VGG used a mini-batch size of 256, momentum 0.9, weight-decay penalty multiplier 5e-4, and drop out for the first two fc layers with the probability of 0.5. As usual, the learning rate started from 1e-2 and was decreased by a factor of 10.
Another interesting point in VGG was around the initialisation method. Because this model was developed prior to the batch normalisation adoption, the model was initially trained with only 11 layers (i.e. VGG A) to stabilise the gradients. The first four conv layers and the last three fc layers were then taken out and other intermediate layers were slided into the models with deeper layers. Intermediate layers were initialised randomly with the zero mean and the standard deviation of 1e-2.
Training image size
Single-scale training: two fixed crop scales were used - 224 and 384 to compare the results.
Multi-scale training: each training image was rescaled between S min (256) and S max (512). This could be seen as training set data augmentation by scale jittering.
The difference between the two method can be highlighted as the second approach makes the model to be trained to classify an object a broader range of scales.

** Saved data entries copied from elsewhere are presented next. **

lemma qpoch_same_nonzero:
  assumes "\<And>n. x ^ Suc n \<noteq> 1"
  shows "qpoch x x n \<noteq> 0"
  using assms by (induction n) (simp_all add: qpoch_same_Suc)

lemma qpoch_nonzero:
  fixes a x :: complex
  assumes "norm a < 1" "norm x \<le> 1"
  shows "qpoch a x n \<noteq> 0"
proof -
  have "norm (a * x ^ k) < 1" for k
  proof -
    have "norm a * norm x ^ k \<le> norm a"
      using assms by (simp add: mult_left_le power_le_one)
    then show ?thesis
      using assms by (simp add: norm_mult norm_power)
  qed
  then have "1 - a * x ^ k \<noteq> 0" for k
    by (metis norm_one right_minus_eq less_irrefl)
  then show ?thesis
    by (simp add: qpoch_def)
qed

lemma qpoch_square:
  "qpoch (x^2) (x^2) n = qpoch x x n * qpoch (- x) x n"
  unfolding qpoch_def prod.distrib[symmetric]
  by (intro prod.cong refl) (simp add: algebra_simps power2_eq_square power_mult_distrib)

lemma norm_qpoch_same_ge:
  fixes x :: complex
  assumes "norm x < 1"
  shows "(1 - norm x) ^ n \<le> norm (qpoch x x n)"
proof -
  have "1 - norm x \<le> norm (1 - x * x ^ k)" for k
  proof -
    have "norm (x * x ^ k) \<le> norm x"
      using assms by (simp add: norm_mult norm_power mult_left_le power_le_one)
    then show ?thesis
      using norm_triangle_ineq2[of 1 "x * x ^ k"] by simp
  qed
  then have "(\<Prod>k<n. 1 - norm x) \<le> (\<Prod>k<n. norm (1 - x * x ^ k))"
    using assms by (intro prod_mono) simp
  then show ?thesis
    by (simp add: qpoch_def prod_norm)
qed

lemma norm_inverse_qpoch_same_le:
  fixes x :: complex
  assumes "norm x < 1"
  shows "norm (1 / qpoch x x n) \<le> (1 / (1 - norm x)) ^ n"
proof -
  have pos: "0 < (1 - norm x) ^ n"
    using assms by simp
  moreover have "0 < norm (qpoch x x n)"
    using pos norm_qpoch_same_ge[OF assms] by (rule less_le_trans)
  ultimately have "1 / norm (qpoch x x n) \<le> 1 / (1 - norm x) ^ n"
    using norm_qpoch_same_ge[OF assms] by (intro divide_left_mono) auto
  then show ?thesis
    by (simp add: norm_divide power_one_over)
qed

section \<open>The Durfee rectangle identity\<close>

text \<open>
  Multiplied by \<open>(x;x)_a\<close>, the summands of the identity satisfy a Pascal-type recurrence
  in \<open>a\<close> and \<open>b\<close>. They are set to zero for \<open>k > b\<close>, so that summing over \<open>k \<le> a\<close>
  amounts to summing over \<open>k \<le> min a b\<close>.
\<close>

definition durfee_term :: "complex \<Rightarrow> nat \<Rightarrow> nat \<Rightarrow> nat \<Rightarrow> complex" where
  "durfee_term x a b k = (if k \<le> b then x ^ ((a - k) * (b - k)) * qpoch x x a /
      (qpoch x x (a - k) * qpoch x x (b - k) * qpoch x x k) else 0)"

lemma durfee_term_Suc_Suc_Suc:
  assumes x: "\<And>n. x ^ Suc n \<noteq> 1"
  shows "durfee_term x (Suc (k + Suc m)) (Suc (k + d)) (Suc k) =
     x ^ Suc (k + d) * durfee_term x (k + Suc m) (Suc (k + d)) (Suc k)
     + durfee_term x (k + Suc m) (k + d) k"
proof -
  define a where "a = k + Suc m"
  define P where "P = qpoch x x"
  have nz: "P n \<noteq> 0" for n
    unfolding P_def by (rule qpoch_same_nonzero[OF x])
  have X: "1 - x ^ Suc k \<noteq> 0" and Y: "1 - x ^ Suc m \<noteq> 0"
    using x by (metis right_minus_eq)+
  have lhs: "durfee_term x (Suc a) (Suc (k + d)) (Suc k) = x ^ (m * d) * x ^ d *
      (P a * (1 - x ^ Suc k * x ^ Suc m)) / (P m * P d * (1 - x ^ Suc m) * (P k * (1 - x ^ Suc k)))"
    unfolding durfee_term_def P_def a_def
    by (simp add: qpoch_same_Suc power_add[symmetric] ac_simps)
  have rhs1: "durfee_term x a (Suc (k + d)) (Suc k) =
      x ^ (m * d) * P a / (P m * P d * (P k * (1 - x ^ Suc k)))"
    unfolding durfee_term_def P_def a_def by (simp add: qpoch_same_Suc ac_simps)
  have rhs2: "durfee_term x a (k + d) k =
      x ^ (m * d) * x ^ d * P a / (P m * P d * (1 - x ^ Suc m) * P k)"
    unfolding durfee_term_def P_def a_def
    by (simp add: qpoch_same_Suc power_add[symmetric] ac_simps)
  have partial_fractions: "E * D * (A * (1 - X * Y)) / (B * (1 - Y) * (C * (1 - X))) =
      X * D * (E * A / (B * (C * (1 - X)))) + E * D * A / (B * (1 - Y) * C)"
    if "B \<noteq> 0" "C \<noteq> 0" "1 - X \<noteq> 0" "1 - Y \<noteq> 0" for A B C D E X Y :: complex
  proof -
    have "X * D * (E * A / (B * (C * (1 - X)))) + E * D * A / (B * (1 - Y) * C) =
        E * D * (A * (X * (1 - Y) + (1 - X))) / (B * (1 - Y) * (C * (1 - X)))"
      using that by (simp add: divide_simps) (simp add: algebra_simps)
    then show ?thesis
      by (simp add: algebra_simps)
  qed
  have power_split: "x ^ Suc (k + d) = x ^ Suc k * x ^ d"
    by (simp add: power_add[symmetric])
  show ?thesis
    unfolding a_def[symmetric] lhs rhs1 rhs2 power_split
    by (rule partial_fractions) (use nz X Y in simp_all)
qed

lemma durfee_term_Suc_Suc:
  assumes x: "\<And>n. x ^ Suc n \<noteq> 1" and k: "k \<le> Suc a"
  shows "durfee_term x (Suc a) (Suc b) k =
    (if k \<le> a then x ^ Suc b * durfee_term x a (Suc b) k else 0)
    + (if k = 0 then 0 else durfee_term x a b (k - 1))"
proof -
  have nz: "qpoch x x n \<noteq> 0" for n
    by (rule qpoch_same_nonzero[OF x])
  consider "k = 0" | k' where "k = Suc k'" "b < k'" | "k = Suc a" "a \<le> b"
    | k' where "k = Suc k'" "k' \<le> b" "k' < a"
    using k by (cases k) (auto simp: not_le le_less, (meson linorder_neqE_nat)+)
  then show ?thesis
  proof cases
    case 1
    have "x ^ (Suc a * Suc b) = x ^ Suc b * x ^ (a * Suc b)"
      by (simp only: mult_Suc power_add)
    then show ?thesis
      using nz by (simp add: 1 durfee_term_def del: mult_Suc mult_Suc_right)
  next
    case 2
    then show ?thesis by (simp add: durfee_term_def)
  next
    case 3
    then show ?thesis using nz by (simp add: durfee_term_def)
  next
    case 4
    then obtain m d where "a = k' + Suc m" "b = k' + d"
      by (metis le_Suc_ex less_iff_Suc_add add_Suc_right)
    then show ?thesis
      using 4 durfee_term_Suc_Suc_Suc[OF x, of k' m d] by simp
  qed
qed

lemma sum_durfee_term:
  assumes x: "\<And>n. x ^ Suc n \<noteq> 1"
  shows "(\<Sum>k\<le>a. durfee_term x a b k) = 1 / qpoch x x b"
proof (induction a arbitrary: b)
  case 0
  then show ?case
    using qpoch_same_nonzero[OF x] by (simp add: durfee_term_def)
next
  case (Suc a)
  have nz: "qpoch x x n \<noteq> 0" for n
    by (rule qpoch_same_nonzero[OF x])
  show ?case
  proof (cases b)
    case 0
    then show ?thesis
      using nz by (simp add: sum.atMost_Suc_shift durfee_term_def del: sum.atMost_Suc)
  next
    case (Suc b')
    have "(\<Sum>k\<le>Suc a. durfee_term x (Suc a) (Suc b') k) =
        (\<Sum>k\<le>Suc a. if k \<le> a then x ^ Suc b' * durfee_term x a (Suc b') k else 0)
        + (\<Sum>k\<le>Suc a. if k = 0 then 0 else durfee_term x a b' (k - 1))"
      by (simp add: durfee_term_Suc_Suc[OF x] sum.distrib)
    also have "\<dots> = x ^ Suc b' * (\<Sum>k\<le>a. durfee_term x a (Suc b') k)
        + (\<Sum>k\<le>a. durfee_term x a b' k)"
    proof -
      have "(\<Sum>k\<le>Suc a. if k = 0 then 0 else durfee_term x a b' (k - 1))
          = (\<Sum>k\<le>a. durfee_term x a b' k)"
        by (subst sum.atMost_Suc_shift) simp
      then show ?thesis
        by (simp add: sum_distrib_left)
    qed
    also have "\<dots> = x ^ Suc b' / qpoch x x (Suc b') + 1 / qpoch x x b'"
      by (simp add: Suc.IH)
    also have "\<dots> = 1 / qpoch x x (Suc b')"
      using nz[of b'] x[of b'] by (simp add: qpoch_same_Suc field_simps)
    finally show ?thesis
      using Suc by simp
  qed
qed

lemma durfee_identity:
  assumes x: "\<And>n. x ^ Suc n \<noteq> 1"
  shows "(\<Sum>k\<le>min a b. x ^ ((a - k) * (b - k)) / (qpoch x x (a - k) * qpoch x x (b - k) * qpoch x x k))
     = 1 / (qpoch x x a * qpoch x x b)"
proof -
  have nz: "qpoch x x n \<noteq> 0" for n
    by (rule qpoch_same_nonzero[OF x])
  have "(\<Sum>k\<le>min a b. x ^ ((a - k) * (b - k)) / (qpoch x x (a - k) * qpoch x x (b - k) * qpoch x x k))
      = (\<Sum>k\<le>a. durfee_term x a b k) / qpoch x x a"
    unfolding sum_divide_distrib
    by (rule sum.mono_neutral_cong_left) (auto simp: durfee_term_def nz)
  then show ?thesis
    by (simp add: sum_durfee_term[OF x])
qed

section \<open>Euler's identity\<close>

definition tri :: "nat \<Rightarrow> nat" where
  "tri n = (\<Sum>i<n. i)"

lemma tri_0 [simp]: "tri 0 = 0"
  by (simp add: tri_def)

The model was trained with 4 NVIDIA Titan Black GPUs, taking about 2-3 weeks for a single net training (subject to the type of the architecture).

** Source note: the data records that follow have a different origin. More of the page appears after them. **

lemma minimal_uncolorableI:
  assumes H: "bihypergraph H" and "\<not> colorable H" and covered: "fst H \<subseteq> \<Union>(snd H)"
    and critical: "\<And>e. e \<in> snd H \<Longrightarrow> colorable (fst H, snd H - {e})"
  shows "minimal_uncolorable H"
  unfolding minimal_uncolorable_def
proof (intro conjI allI impI H \<open>\<not> colorable H\<close>; elim conjE)
  fix H' assume sub: "subhypergraph H' H" and "H' \<noteq> H"
  then have H': "\<forall>e\<in>snd H'. e \<subseteq> fst H'" and sub_V: "fst H' \<subseteq> fst H" and sub_E: "snd H' \<subseteq> snd H"
    by (simp_all add: subhypergraph_def bihypergraph_def)
  have "snd H' \<noteq> snd H"
  proof
    assume E: "snd H' = snd H"
    with covered H' have "fst H \<subseteq> fst H'" by blast
    with sub_V E have "H' = H" by (simp add: prod_eq_iff)
    with \<open>H' \<noteq> H\<close> show False ..
  qed
  with sub_E obtain e where "e \<in> snd H" "snd H' \<subseteq> snd H - {e}"
    by blast
  then show "colorable H'"
    using critical[of e] colorable_subset_edges[of "(fst H, snd H - {e})" H'] by simp
qed

lemma card_image_eq_2_if_proper:
  assumes "proper_coloring H f" "e \<in> snd H" "card e = 3"
  shows "card (f ` e) = 2"
proof -
  have "card (f ` e) \<le> 3"
    using card_image_le[of e f] assms(3) by (simp add: card_ge_0_finite)
  then show ?thesis
    using assms by (auto simp: proper_coloring_def)
qed

lemma card_triple_eq_2_iff: "card {x, y, z} = 2 \<longleftrightarrow> (x = y \<or> y = z \<or> x = z) \<and> \<not> (x = y \<and> y = z)"
  by (auto simp: card_insert_if)

abbreviation cyclic_succ :: "(nat \<times> nat) set" where
  "cyclic_succ \<equiv> {(1,2), (2,3), (3,1)}"

text \<open>The \<open>Suc\<close> forms are the shapes into which the simplifier turns \<open>1\<close> and \<open>1 + 1\<close>.\<close>
lemma vx_simps [simp]:
  "vx i 1 = Some (i,1)" "vx i 2 = Some (i,2)" "vx i 3 = Some (i,3)" "vx i 4 = Some (i,1)" "vx i 5 = Some (i,2)"
  "vx i (Suc 0) = Some (i,1)" "vx i (Suc (Suc 0)) = Some (i,2)"
  by (simp_all add: vx_def)

lemma vx_eq: "j \<in> {1,2,3} \<Longrightarrow> vx i j = Some (i, j)"
  by (auto simp: vx_def)

lemma atLeastAtMost_1_3: "{1..3::nat} = {1,2,3}"
  by auto

lemma fst_Hk_ext: "fst (Hk_ext n) = insert None (Some ` ({1..n} \<times> {1,2,3}))"
proof -
  have "{vx i j | i j. i \<in> {1..n} \<and> j \<in> {1,2,3}} = Some ` ({1..n} \<times> {1,2,3})"
    by (force simp: vx_eq)
  then show ?thesis
    unfolding Hk_ext_def Hk_def atLeastAtMost_1_3 by simp
qed

lemma ne_iff_mod3_shift:
  "(a::nat) \<in> {1,2,3} \<Longrightarrow> (d \<in> {1,2,3} \<and> d \<noteq> a) \<longleftrightarrow> (\<exists>t\<in>{1,2}. d = (a + t - 1) mod 3 + 1)"
  by auto presburger+

lemma Hk_link_edges_eq:
  "{{vx (q+1) j, vx q j, vx q (j+t)} | q j t. q \<in> {1..n-1} \<and> j \<in> {1,2,3} \<and> t \<in> {1,2}}
    = {{Some (q+1,a), Some (q,a), Some (q,d)} | q a d. q \<in> {1..<n} \<and> a \<in> {1,2,3} \<and> d \<in> {1,2,3} \<and> a \<noteq> d}"
proof (intro Collect_cong iffI; elim exE conjE)
  fix e q and j t :: nat
  assume e: "e = {vx (q+1) j, vx q j, vx q (j+t)}" and q: "q \<in> {1..n-1}" and jt: "j \<in> {1,2,3}" "t \<in> {1,2}"
  define d where "d = (j + t - 1) mod 3 + 1"
  have "e = {Some (q+1,j), Some (q,j), Some (q,d)}"
    unfolding e d_def using jt(1) by (simp add: vx_eq vx_def[of q "j + t"])
  moreover have "d \<in> {1,2,3} \<and> d \<noteq> j"
    unfolding d_def using ne_iff_mod3_shift[OF jt(1)] jt(2) by blast
  moreover have "q \<in> {1..<n}" using q by auto
  ultimately show "\<exists>q a d. e = {Some (q+1,a), Some (q,a), Some (q,d)} \<and> q \<in> {1..<n} \<and> a \<in> {1,2,3} \<and> d \<in> {1,2,3} \<and> a \<noteq> d"
    using jt(1) by (intro exI[of _ q] exI[of _ j] exI[of _ d]) simp
next
  fix e q and a d :: nat
  assume e: "e = {Some (q+1,a), Some (q,a), Some (q,d)}" and q: "q \<in> {1..<n}"
    and ad: "a \<in> {1,2,3}" "d \<in> {1,2,3}" "a \<noteq> d"
  obtain t where t: "t \<in> {1,2}" "d = (a + t - 1) mod 3 + 1"
    using ne_iff_mod3_shift[OF ad(1), of d] ad by blast
  have "e = {vx (q+1) a, vx q a, vx q (a+t)}"
    unfolding e t(2) using ad(1) by (simp add: vx_eq vx_def[of q "a + t"])
  moreover have "q \<in> {1..n-1}" using q by auto
  ultimately show "\<exists>q j t. e = {vx (q+1) j, vx q j, vx q (j+t)} \<and> q \<in> {1..n-1} \<and> j \<in> {1,2,3} \<and> t \<in> {1,2}"
    using ad(1) t(1) by (intro exI[of _ q] exI[of _ a] exI[of _ t]) simp
qed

What were the results of VGG?
Dataset used was the ILSVRC-2012 (images of 1000 classes, training set of 1.3m, validation set of 50k, and test set of 100k).
Top-1 error (proportion of incorrectly classified images) and Top-5 error (proportion of images such that the ground-truth category is outside the top-5 predicted category) were compared to see the results of VGG.
- It turned out that A-LRN (11 layers with local response normalisation) was not performing better than the model without LRN (i.e. model A) so the authors decided not to use LRN.
- A classification error decreases with the increased ConvNet depth, meaning two 3 x 3 conv layers perform better than one 5 x 5.
- As seen below, the deeper model (model C) with non-linearity additions help (1 x 1 conv layer with ReLU) but capturing more spatial contexts (model D) using 3 x 3 filters performs better than just 1 x 1 linear transformation and ReLU (model C). Overall, this is why the model D (deep, 3 x 3 filter) performs better than the model C (deep, 1 x 1 filter) that performs better than the model B (shallower).
- Scale jittering at training time also helps to improve the performance.
- Scale jittering at test time turned out to be helpful (ranged between S min, 0.5(S min+S max), S max) rather than just using fixed sizes at test time.
Comparison with other models
When compared to other models with good performance, VGG ensembled of two best-performing multi-scale models (model D - 16 layers and Model E - 19 layers) outperformed previous state-of-the-art models, other than GooLeNet (another 2014 ILSVRC-2014 winner). Top-5 validation error and test error was at 6.8% on the classification challenge.
Lessons learnt and future to-do-list
This paper was where famous VGG16 and VGG19 were born. Even now in 2018, there are many papers that use VGG-like models to experiment previously-unexplored research areas. Unfortunately, this week I was not able to implement VGG.
- I want to implement VGG in Pytorch later.